(Collected data entries)
╔══
(* Let $S=(P,L)$ be a $(2,2)$-generalized quadrangle and let $(R,\psi)$ be a faithful representation of $S$ with $\psi(x)=\langle r_x\rangle$. Then $|R|=2^4$ if and only if $r_ar_br_c=1$ for every complete $3$-arc $\{a,b,c\}$ of $S$.
   Context: A $(2,t)$-generalized quadrangle is a partial linear space in which every line has exactly $3$ points, every point lies on exactly $t+1$ lines, no point is collinear with all points, and for every point $x$ and line $\ell$ with $x\notin\ell$, $x$ is collinear with exactly one point of $\ell$. A $k$-arc is a set of $k$ pairwise non-collinear points; it is complete if it is not contained in a $(k+1)$-arc. A representation $(R,\psi)$ of $S$ is a group $R$ with a map $\psi$ assigning to each point $x$ a subgroup $\psi(x)=\langle r_x\rangle$ of order $2$, such that $R$ is generated by the $r_x$ and, for every line $\{x,y,z\}$, $\{1,r_x,r_y,r_z\}$ is a Klein four subgroup. It is faithful if $\psi$ is injective. *)

theory Defs
  imports "HOL-Algebra.Algebra"
begin

definition collinear :: "'p set set \<Rightarrow> 'p \<Rightarrow> 'p \<Rightarrow> bool" where
  "collinear L x y \<longleftrightarrow> (\<exists>l\<in>L. x \<in> l \<and> y \<in> l)"

definition partial_linear_space :: "'p set \<Rightarrow> 'p set set \<Rightarrow> bool" where
  "partial_linear_space P L \<longleftrightarrow>
     (\<forall>l\<in>L. l \<subseteq> P \<and> card l \<ge> 2) \<and>
     (\<forall>x\<in>P. \<forall>y\<in>P. x \<noteq> y \<longrightarrow> (\<forall>l\<in>L. \<forall>m\<in>L. x \<in> l \<and> y \<in> l \<and> x \<in> m \<and> y \<in> m \<longrightarrow> l = m))"

definition GQ2 :: "nat \<Rightarrow> 'p set \<Rightarrow> 'p set set \<Rightarrow> bool" where
  "GQ2 t P L \<longleftrightarrow>
     P \<noteq> {} \<and>
     partial_linear_space P L \<and>
     (\<forall>l\<in>L. finite l \<and> card l = 3) \<and>
     (\<forall>x\<in>P. finite {l\<in>L. x \<in> l} \<and> card {l\<in>L. x \<in> l} = t + 1) \<and>
     (\<forall>x\<in>P. \<not> (\<forall>y\<in>P. collinear L x y)) \<and>
     (\<forall>x\<in>P. \<forall>l\<in>L. x \<notin> l \<longrightarrow> (\<exists>!y. y \<in> l \<and> collinear L x y))"

definition is_arc :: "'p set \<Rightarrow> 'p set set \<Rightarrow> 'p set \<Rightarrow> bool" where
  "is_arc P L A \<longleftrightarrow> A \<subseteq> P \<and> (\<forall>x\<in>A. \<forall>y\<in>A. x \<noteq> y \<longrightarrow> \<not> collinear L x y)"

definition is_k_arc :: "'p set \<Rightarrow> 'p set set \<Rightarrow> nat \<Rightarrow> 'p set \<Rightarrow> bool" where
  "is_k_arc P L k A \<longleftrightarrow> is_arc P L A \<and> finite A \<and> card A = k"

definition complete_k_arc :: "'p set \<Rightarrow> 'p set set \<Rightarrow> nat \<Rightarrow> 'p set \<Rightarrow> bool" where
  "complete_k_arc P L k A \<longleftrightarrow> is_k_arc P L k A \<and>
     \<not> (\<exists>B. A \<subseteq> B \<and> is_k_arc P L (k + 1) B)"

definition klein_four_subgroup :: "('a, 'b) monoid_scheme \<Rightarrow> 'a set \<Rightarrow> bool" where
  "klein_four_subgroup R H \<longleftrightarrow> subgroup H R \<and> finite H \<and> card H = 4 \<and>
     (\<forall>h\<in>H. h \<otimes>\<^bsub>R\<^esub> h = \<one>\<^bsub>R\<^esub>)"

(* representation (R, psi) with psi x = <r x>, r x of order 2 *)
definition representation ::
  "'p set \<Rightarrow> 'p set set \<Rightarrow> ('a, 'b) monoid_scheme \<Rightarrow> ('p \<Rightarrow> 'a) \<Rightarrow> bool" where
  "representation P L R r \<longleftrightarrow> group R \<and>
     (\<forall>x\<in>P. r x \<in> carrier R \<and> r x \<noteq> \<one>\<^bsub>R\<^esub> \<and> r x \<otimes>\<^bsub>R\<^esub> r x = \<one>\<^bsub>R\<^esub>) \<and>
     generate R (r ` P) = carrier R \<and>
     (\<forall>l\<in>L. \<forall>x y z. l = {x, y, z} \<longrightarrow>
        klein_four_subgroup R {\<one>\<^bsub>R\<^esub>, r x, r y, r z})"

definition faithful_representation ::
  "'p set \<Rightarrow> 'p set set \<Rightarrow> ('a, 'b) monoid_scheme \<Rightarrow> ('p \<Rightarrow> 'a) \<Rightarrow> bool" where
  "faithful_representation P L R r \<longleftrightarrow> representation P L R r \<and>
     inj_on (\<lambda>x. generate R {r x}) P"

end

theory Submission
  imports Defs
begin

(* In a (2,t)-generalized quadrangle, counting gives |x^perp| = 2t + 3, |{u,v}^perp| = t + 1 for
   noncollinear u, v, and |P| = 3(2t + 1).  For t = 2 a faithful representation therefore contains
   the 16 distinct elements 1 and r_x (x in P), and |R| = 16 iff these exhaust R, i.e. iff every
   product r_a r_b is 1 or some r_c.  For collinear a, b this always holds, c being the third point
   of their line.  For noncollinear a, b the complete 3-arcs through a and b are exactly {a, b, c}
   with c the third point of the hyperbolic line {a,b}^perp^perp.  If R = {1} u r(P), then
   r_a r_b = r_x for a point x collinear with all of {a,b}^perp, which forces x = c; conversely,
   the relations r_a r_b r_c = 1 close {1} u r(P) under multiplication. *)

lemma card_ge_3_obtain_other:
  assumes "3 \<le> card A"
  obtains x where "x \<in> A" "x \<noteq> a" "x \<noteq> b"
proof -
  have "\<not> A \<subseteq> {a, b}"
  proof
    assume "A \<subseteq> {a, b}"
    then have "card A \<le> card {a, b}"
      by (intro card_mono) simp_all
    also have "\<dots> \<le> 2"
      by (simp add: card_insert_if)
    finally show False
      using assms by simp
  qed
  then show ?thesis
    using that by blast
qed

locale gq2 =
  fixes t :: nat and P :: "'p set" and L :: "'p set set"
  assumes gq: "GQ2 t P L"
begin

abbreviation coll :: "'p \<Rightarrow> 'p \<Rightarrow> bool" where "coll \<equiv> collinear L"

lemma line_subset: "l \<in> L \<Longrightarrow> l \<subseteq> P"
  using gq by (simp add: GQ2_def partial_linear_space_def)

lemma finite_line: "l \<in> L \<Longrightarrow> finite l"
  and card_line: "l \<in> L \<Longrightarrow> card l = 3"
  using gq by (simp_all add: GQ2_def)

lemma finite_lines_through: "x \<in> P \<Longrightarrow> finite {l\<in>L. x \<in> l}"
  and card_lines_through: "x \<in> P \<Longrightarrow> card {l\<in>L. x \<in> l} = t + 1"
  using gq by (simp_all add: GQ2_def)

lemma line_unique:
  assumes "l \<in> L" "m \<in> L" "x \<in> l" "y \<in> l" "x \<in> m" "y \<in> m" "x \<noteq> y"
  shows "l = m"
proof -
  have "x \<in> P" "y \<in> P"
    using assms line_subset by auto
  moreover have "\<forall>x\<in>P. \<forall>y\<in>P. x \<noteq> y \<longrightarrow>
      (\<forall>l\<in>L. \<forall>m\<in>L. x \<in> l \<and> y \<in> l \<and> x \<in> m \<and> y \<in> m \<longrightarrow> l = m)"
    using gq by (simp add: GQ2_def partial_linear_space_def)
  ultimately show ?thesis
    using assms by blast
qed

lemma ex1_collinear_on_line: "\<lbrakk>x \<in> P; l \<in> L; x \<notin> l\<rbrakk> \<Longrightarrow> \<exists>!y. y \<in> l \<and> coll x y"
  using gq by (simp add: GQ2_def)

lemma P_nonempty: "P \<noteq> {}"
  using gq by (simp add: GQ2_def)

lemma collinearI: "\<lbrakk>l \<in> L; x \<in> l; y \<in> l\<rbrakk> \<Longrightarrow> coll x y"
  unfolding collinear_def by blast

lemma collinearE:
  assumes "coll x y"
  obtains l where "l \<in> L" "x \<in> l" "y \<in> l"
  using assms unfolding collinear_def by blast

lemma collinear_commute: "coll x y \<longleftrightarrow> coll y x"
  unfolding collinear_def by blast

lemma collinear_in_P: "coll x y \<Longrightarrow> x \<in> P" "coll x y \<Longrightarrow> y \<in> P"
  using line_subset by (auto elim: collinearE)

lemma ex_line_through:
  assumes "x \<in> P"
  obtains l where "l \<in> L" "x \<in> l"
proof -
  have "{l\<in>L. x \<in> l} \<noteq> {}"
  proof
    assume "{l\<in>L. x \<in> l} = {}"
    then have "card {l\<in>L. x \<in> l} = 0"
      by (simp only: card.empty)
    then show False
      using card_lines_through[OF assms] by simp
  qed
  then show ?thesis
    using that by blast
qed

lemma collinear_refl: "x \<in> P \<Longrightarrow> coll x x"
  using collinearI by (blast elim: ex_line_through)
╚══
> [Task goal]
Copy out each line of the records above that includes "collinearE".

> [The answer]
lemma collinearE:
  using line_subset by (auto elim: collinearE)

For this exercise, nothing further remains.